◆ What is being asked ◆
From the records below, copy out exactly the lines from the one containing "proof (rule ennreal_tendsto_zeroI[of 1])" to the one containing "using eventually_at_zero_norm_less[OF d(1)]", both included. Add nothing else.

┄┄┄┄┄┄

lemma emeasure_translation_symdiff_tendsto:
  fixes A :: "'a::euclidean_space set"
  assumes A: "A \<in> lmeasurable"
  shows "((\<lambda>\<xi>. emeasure lebesgue {y. (y - \<xi> \<in> A) \<noteq> (y \<in> A)}) \<longlongrightarrow> 0) (at 0)"
proof (rule ennreal_tendsto_zeroI[of 1])
  fix e :: real
  assume "e > 0"
  then have e4: "e / 4 > 0"
    by simp
  have A_sets: "A \<in> sets lebesgue"
    using A by (rule fmeasurableD)
  obtain U where U: "open U" "A \<subseteq> U" "emeasure lebesgue (U - A) < ennreal (e / 4)"
    using sets_lebesgue_outer_open[OF A_sets e4] by blast
  obtain K where K: "compact K" "K \<subseteq> A" "emeasure lebesgue (A - K) < ennreal (e / 4)"
    using lmeasurable_inner_compact[OF A e4] by blast
  define D where "D = U - K"
  have D_sets: "D \<in> sets lebesgue"
    using U(1) K(1) by (simp add: D_def compact_imp_closed sets.Diff)
  have "D = (U - A) \<union> (A - K)"
    using U(2) K(2) by (auto simp: D_def)
  then have "emeasure lebesgue D \<le> emeasure lebesgue (U - A) + emeasure lebesgue (A - K)"
    using A_sets U(1) K(1) by (simp only:) (intro emeasure_subadditive; auto simp: compact_imp_closed)
  also have "\<dots> < ennreal (e / 4 + e / 4)"
    using U(3) K(3) by (rule add_mono_ennreal)
  finally have D_small: "emeasure lebesgue D < ennreal (e / 2)"
    by simp
  obtain d where d: "d > 0" "\<And>x y. x \<in> K \<Longrightarrow> y \<notin> U \<Longrightarrow> d \<le> dist x y"
  proof -
    have "K \<inter> - U = {}"
      using K(2) U(2) by blast
    then show thesis
      using separate_compact_closed[of K "- U"] K(1) U(1) that by fastforce
  qed
  show "eventually (\<lambda>\<xi>. emeasure lebesgue {y. (y - \<xi> \<in> A) \<noteq> (y \<in> A)} \<le> ennreal (1 * e)) (at 0)"
    using eventually_at_zero_norm_less[OF d(1)]
  proof eventually_elim
    case (elim \<xi>)
    have "y \<in> U" if "y - \<xi> \<in> K" for y
      using d(2)[OF that, of y] elim by (auto simp: dist_norm)
    moreover have "y - \<xi> \<in> U" if "y \<in> K" for y
      using d(2)[OF that, of "y - \<xi>"] elim by (auto simp: dist_norm)
    ultimately have "{y. (y - \<xi> \<in> A) \<noteq> (y \<in> A)} \<subseteq> D \<union> {y. y - \<xi> \<in> D}"
      using U(2) K(2) by (auto simp: D_def)
    then have "emeasure lebesgue {y. (y - \<xi> \<in> A) \<noteq> (y \<in> A)} \<le> emeasure lebesgue (D \<union> {y. y - \<xi> \<in> D})"
      using D_sets emeasure_translation_subtract(1)[OF D_sets] by (intro emeasure_mono) auto
    also have "\<dots> \<le> emeasure lebesgue D + emeasure lebesgue {y. y - \<xi> \<in> D}"
      using D_sets emeasure_translation_subtract(1)[OF D_sets] by (intro emeasure_subadditive)
    also have "\<dots> = emeasure lebesgue D + emeasure lebesgue D"
      using emeasure_translation_subtract(2)[OF D_sets] by simp
    also have "\<dots> \<le> ennreal (e / 2 + e / 2)"
      using D_small by (intro less_imp_le add_mono_ennreal)
    finally show ?case
      by simp
  qed
qed simp

lemma fmeasurable_level_set:
  fixes f :: "'a \<Rightarrow> real"
  assumes [measurable]: "f \<in> borel_measurable M"
    and fin: "(\<integral>\<^sup>+ y. ennreal (\<bar>f y\<bar> powr p) \<partial>M) < \<infinity>" and "c \<noteq> 0"
  shows "f -` {c} \<inter> space M \<in> fmeasurable M"
proof -
  have sets: "f -` {c} \<inter> space M \<in> sets M"
    by measurable
  have "ennreal (\<bar>c\<bar> powr p) * emeasure M (f -` {c} \<inter> space M)
      = (\<integral>\<^sup>+ y. ennreal (\<bar>c\<bar> powr p) * indicator (f -` {c} \<inter> space M) y \<partial>M)"
    using sets by (simp add: nn_integral_cmult_indicator)
  also have "\<dots> \<le> (\<integral>\<^sup>+ y. ennreal (\<bar>f y\<bar> powr p) \<partial>M)"
    by (intro nn_integral_mono) (auto simp: indicator_def)
  also have "\<dots> < \<infinity>"
    by (rule fin)
  finally show ?thesis
    using sets \<open>c \<noteq> 0\<close> by (auto simp: fmeasurable_def ennreal_mult_less_top)
qed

┄┄┄┄┄┄

◆ Answer to this exercise ◆
proof (rule ennreal_tendsto_zeroI[of 1])
  fix e :: real
  assume "e > 0"
  then have e4: "e / 4 > 0"
    by simp
  have A_sets: "A \<in> sets lebesgue"
    using A by (rule fmeasurableD)
  obtain U where U: "open U" "A \<subseteq> U" "emeasure lebesgue (U - A) < ennreal (e / 4)"
    using sets_lebesgue_outer_open[OF A_sets e4] by blast
  obtain K where K: "compact K" "K \<subseteq> A" "emeasure lebesgue (A - K) < ennreal (e / 4)"
    using lmeasurable_inner_compact[OF A e4] by blast
  define D where "D = U - K"
  have D_sets: "D \<in> sets lebesgue"
    using U(1) K(1) by (simp add: D_def compact_imp_closed sets.Diff)
  have "D = (U - A) \<union> (A - K)"
    using U(2) K(2) by (auto simp: D_def)
  then have "emeasure lebesgue D \<le> emeasure lebesgue (U - A) + emeasure lebesgue (A - K)"
    using A_sets U(1) K(1) by (simp only:) (intro emeasure_subadditive; auto simp: compact_imp_closed)
  also have "\<dots> < ennreal (e / 4 + e / 4)"
    using U(3) K(3) by (rule add_mono_ennreal)
  finally have D_small: "emeasure lebesgue D < ennreal (e / 2)"
    by simp
  obtain d where d: "d > 0" "\<And>x y. x \<in> K \<Longrightarrow> y \<notin> U \<Longrightarrow> d \<le> dist x y"
  proof -
    have "K \<inter> - U = {}"
      using K(2) U(2) by blast
    then show thesis
      using separate_compact_closed[of K "- U"] K(1) U(1) that by fastforce
  qed
  show "eventually (\<lambda>\<xi>. emeasure lebesgue {y. (y - \<xi> \<in> A) \<noteq> (y \<in> A)} \<le> ennreal (1 * e)) (at 0)"
    using eventually_at_zero_norm_less[OF d(1)]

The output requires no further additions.